Such misplaced object files need to be dealt with; the plan is to make
git-annex fsck notice and fix them.
A worktree that has experienced this bug before will contain unpopulated
pointer files. Those may eventually get fixed up in regular usage of
git-annex, but git-annex fsck will also fix them up.
---
Finally, this has me pondering if all of git-annex's state files should
really be stored in one common place across all linked worktrees. Should
perhaps state files that are specific to the worktree be stored per-worktree?

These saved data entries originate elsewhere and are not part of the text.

(* Let $\mathbb{S}$ be a collection of subsets of $\{1,\dots,m\}$, each of size $l$, and let $t$ be a positive integer. Then $$\frac{1}{|\mathbb{S}|^2}\sum_{\mathcal{J},\mathcal{J}'\in\mathbb{S}}|\mathcal{J}\cap\mathcal{J}'|^t\ \ge\ \mathrm{tr}(D_{t,l,m}^2),$$ and equality holds if and only if $\mathbb{S}$ is a $t$-$(m,l,\lambda)$ block design with $\lambda=|\mathbb{S}|\,\mathrm{tr}\big(D_{t,l,m}\bigotimes_{s=1}^tE_{s,s}\big)$.
   Context: Let $\{e_j\}_{j=1}^m$ be the canonical basis of $\mathbb{F}^m$ ($\mathbb{F}=\mathbb{R}$ or $\mathbb{C}$) and $E_{s,s}=e_s\otimes e_s^*$. For $\mathcal{J}\subset\{1,\dots,m\}$ let $D_{\mathcal{J}}=\sum_{j\in\mathcal{J}}E_{j,j}$. The diagonal coherence tensor is $D_{t,l,m}=\binom{m}{l}^{-1}\sum_{\mathcal{J}\in\mathbb{J}}D_{\mathcal{J}}^{\otimes t}$, where $\mathbb{J}$ is the set of all $l$-element subsets of $\{1,\dots,m\}$ and $^{\otimes t}$ is the $t$-fold Kronecker product. A $t$-$(m,l,\lambda)$ block design is a collection of subsets (blocks) of $\{1,\dots,m\}$, each of cardinality $l$, such that every $t$-element subset of $\{1,\dots,m\}$ is contained in exactly $\lambda$ blocks. *)

theory Defs
  imports "Jordan_Normal_Form.Matrix" "HOL-Library.Multiset"
begin

definition kron :: "real mat \<Rightarrow> real mat \<Rightarrow> real mat" where
  "kron A B = mat (dim_row A * dim_row B) (dim_col A * dim_col B)
     (\<lambda>(i, j). A $$ (i div dim_row B, j div dim_col B) * B $$ (i mod dim_row B, j mod dim_col B))"

definition mtrace :: "real mat \<Rightarrow> real" where
  "mtrace A = (\<Sum>i<dim_row A. A $$ (i, i))"

fun kron_pow :: "real mat \<Rightarrow> nat \<Rightarrow> real mat" where
  "kron_pow A 0 = 1\<^sub>m 1"
| "kron_pow A (Suc n) = kron A (kron_pow A n)"

fun kron_list :: "real mat list \<Rightarrow> real mat" where
  "kron_list [] = 1\<^sub>m 1"
| "kron_list (A # As) = kron A (kron_list As)"

text \<open>E_{s,s} = e_s e_s^* in F^m, with s in {1..m} (matrix indices are 0-based).\<close>
definition Ess :: "nat \<Rightarrow> nat \<Rightarrow> real mat" where
  "Ess m s = mat m m (\<lambda>(i, j). if i = j \<and> i + 1 = s then 1 else 0)"

text \<open>D_J = sum_{j in J} E_{j,j}, for J a subset of {1..m}.\<close>
definition DJ :: "nat \<Rightarrow> nat set \<Rightarrow> real mat" where
  "DJ m J = mat m m (\<lambda>(i, j). if i = j \<and> i + 1 \<in> J then 1 else 0)"

definition lsubsets :: "nat \<Rightarrow> nat \<Rightarrow> nat set set" where
  "lsubsets l m = {J. J \<subseteq> {1..m} \<and> card J = l}"

text \<open>Diagonal coherence tensor D_{t,l,m} = binom(m,l)^{-1} sum_{J} D_J^{tensor t}
  (the matrix sum written entrywise).\<close>
definition Dtlm :: "nat \<Rightarrow> nat \<Rightarrow> nat \<Rightarrow> real mat" where
  "Dtlm t l m = mat (m ^ t) (m ^ t)
     (\<lambda>ij. (1 / real (m choose l)) * (\<Sum>J\<in>lsubsets l m. kron_pow (DJ m J) t $$ ij))"

text \<open>t-(m,l,lambda) block design: a collection (multiset) of l-subsets of {1..m}
  such that every t-subset of {1..m} is contained in exactly lambda blocks
  (blocks counted with multiplicity).\<close>
definition block_design :: "nat \<Rightarrow> nat \<Rightarrow> nat \<Rightarrow> nat \<Rightarrow> nat set multiset \<Rightarrow> bool" where
  "block_design t m l lam S \<longleftrightarrow>
     (\<forall>B\<in>#S. B \<subseteq> {1..m} \<and> card B = l) \<and>
     (\<forall>T. T \<subseteq> {1..m} \<and> card T = t \<longrightarrow> size (filter_mset (\<lambda>B. T \<subseteq> B) S) = lam)"

end

theory Submission
  imports Defs
begin

text \<open>Index the diagonal of the \<open>t\<close>-fold tensor power by \<open>t\<close>-tuples over \<open>{1..m}\<close> and let
  \<open>X(i)\<close> be the set of entries of the tuple \<open>i\<close>. The diagonal of \<open>D_J\<close>'s tensor power is the
  indicator of \<open>X(i) \<subseteq> J\<close>, so \<open>D_{t,l,m}\<close> is diagonal with entries \<open>d(i)\<close>, the fraction of all
  \<open>l\<close>-subsets containing \<open>X(i)\<close>; let \<open>f(i)\<close> be the fraction of blocks of \<open>S\<close> containing \<open>X(i)\<close>.
  Counting the tuples over \<open>J \<inter> J'\<close> gives \<open>\<Sum> f\<^sup>2 = |S|\<^sup>-\<^sup>2 \<Sum>_{J,J'} |J \<inter> J'|^t\<close>, while
  \<open>tr D\<^sup>2 = \<Sum> d\<^sup>2\<close>. As the symmetric group acts transitively on \<open>l\<close>-subsets, \<open>\<Sum>_{J'} |J \<inter> J'|^t\<close>
  over all \<open>l\<close>-subsets \<open>J'\<close> is the same for every \<open>l\<close>-subset \<open>J\<close>, whence \<open>\<Sum> f d = \<Sum> d\<^sup>2\<close>.
  So the difference of the two sides is \<open>\<Sum> (f - d)\<^sup>2 \<ge> 0\<close>, and it vanishes iff \<open>f\<close> and \<open>d\<close>
  agree on all nonempty sets of at most \<open>t\<close> points. Double counting shows that this happens
  exactly for \<open>t\<close>-designs, and then \<open>\<lambda> = |S| d(1,\<dots>,t)\<close>.\<close>

lemma div_mod_less_power:
  fixes i m n :: nat
  assumes "i < m ^ Suc n"
  shows "i div m ^ n < m" "i mod m ^ n < m ^ n"
proof -
  show "i div m ^ n < m"
    using assms by (simp add: less_mult_imp_div_less mult.commute)
  have "m ^ n > 0"
    using assms by (cases "m ^ n") auto
  then show "i mod m ^ n < m ^ n" by simp
qed

lemma nat_eq_iff_div_mod_eq: "(i::nat) = j \<longleftrightarrow> i div k = j div k \<and> i mod k = j mod k"
  by (metis div_mult_mod_eq)

lemma sum_lessThan_mult:
  fixes g :: "nat \<Rightarrow> 'a::comm_monoid_add"
  shows "(\<Sum>i<m * k. g i) = (\<Sum>a<m. \<Sum>b<k. g (a * k + b))"
proof -
  have "(\<Sum>i<m * k. g i) = (\<Sum>a<m. sum g {a * k..<a * k + k})"
    using sum.nat_group[of g k m] by (simp add: mult.commute)
  also have "\<dots> = (\<Sum>a<m. \<Sum>b<k. g (a * k + b))"
  proof (rule sum.cong[OF refl])
    fix a
    show "sum g {a * k..<a * k + k} = (\<Sum>b<k. g (a * k + b))"
      by (rule sum.reindex_bij_witness[of _ "\<lambda>b. a * k + b" "\<lambda>i. i - a * k"]) auto
  qed
  finally show ?thesis .
qed

lemma dim_kron [simp]:
  "dim_row (kron A B) = dim_row A * dim_row B" "dim_col (kron A B) = dim_col A * dim_col B"
  by (simp_all add: kron_def)

lemma index_kron:
  "i < dim_row A * dim_row B \<Longrightarrow> j < dim_col A * dim_col B \<Longrightarrow>
   kron A B $$ (i, j) = A $$ (i div dim_row B, j div dim_col B) * B $$ (i mod dim_row B, j mod dim_col B)"
  by (simp add: kron_def)

lemma dim_kron_pow [simp]:
  "dim_row (kron_pow A n) = dim_row A ^ n" "dim_col (kron_pow A n) = dim_col A ^ n"
  by (induction n) auto

lemma dim_DJ [simp]: "dim_row (DJ m J) = m" "dim_col (DJ m J) = m"
  by (simp_all add: DJ_def)

lemma dim_Ess [simp]: "dim_row (Ess m s) = m" "dim_col (Ess m s) = m"
  by (simp_all add: Ess_def)

lemma dim_kron_list_Ess [simp]:
  "dim_row (kron_list (map (Ess m) xs)) = m ^ length xs"
  "dim_col (kron_list (map (Ess m) xs)) = m ^ length xs"
  by (induction xs) auto

text \<open>An index \<open>i < m ^ n\<close> of an \<open>n\<close>-fold Kronecker power is read as \<open>n\<close> base-\<open>m\<close>
  digits, most significant first (the order used by \<open>kron\<close>); \<open>digit_set m n i\<close> is the
  set of these digits, shifted into \<open>{1..m}\<close>.\<close>
fun digit_set :: "nat \<Rightarrow> nat \<Rightarrow> nat \<Rightarrow> nat set" where
  "digit_set m 0 i = {}"
| "digit_set m (Suc n) i = insert (i div m ^ n + 1) (digit_set m n (i mod m ^ n))"

lemma index_kron_pow_DJ:
  assumes "i < m ^ n" "j < m ^ n"
  shows "kron_pow (DJ m J) n $$ (i, j) = (if i = j \<and> digit_set m n i \<subseteq> J then 1 else 0)"
  using assms
proof (induction n arbitrary: i j)
  case (Suc n)
  note digits = div_mod_less_power[OF Suc.prems(1)] div_mod_less_power[OF Suc.prems(2)]
  show ?case
    using Suc.prems digits Suc.IH[OF digits(2) digits(4)] nat_eq_iff_div_mod_eq[of i j "m ^ n"]
    by (auto simp: index_kron DJ_def)
qed simp

lemma digit_set_subset: "i < m ^ n \<Longrightarrow> digit_set m n i \<subseteq> {1..m}"
proof (induction n arbitrary: i)
  case (Suc n)
  with div_mod_less_power[OF Suc.prems] show ?case
    by auto
qed simp

lemma card_digit_set_le: "card (digit_set m n i) \<le> n"
proof (induction n arbitrary: i)
  case (Suc n)
  have "finite (digit_set m n (i mod m ^ n))"
    by (induction n arbitrary: i) auto
  with Suc.IH[of "i mod m ^ n"] show ?case
    by (simp add: card_insert_if)
qed simp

That has not been the case when using git-annex on filesystems supporting
symlinks, but it *has* been the case on filesystems not supporting
symlinks. Perhaps this leads to some other buggy behavior in some cases.
Or perhaps to extra work being done.
For example, the keys database has an associated files table. Which depends
on the worktree. But reconcileStaged updates that table, so when git-annex
is used first in one worktree and then in another one, reconcileStaged will
update the table to reflect the current worktree. Which is extra work each
time a different worktree is used. But also, what if two git-annex
processes are running at the same time, in separate worktrees? Probably
this needs more thought and investigation.
So there is a risk that this commit exposes such buggy behavior in a
situation where it didn't happen before, due to the filesystem not
supporting symlinks. But, given how much this bug crippled using linked
worktrees in such a situation, I doubt that many people have been doing
that.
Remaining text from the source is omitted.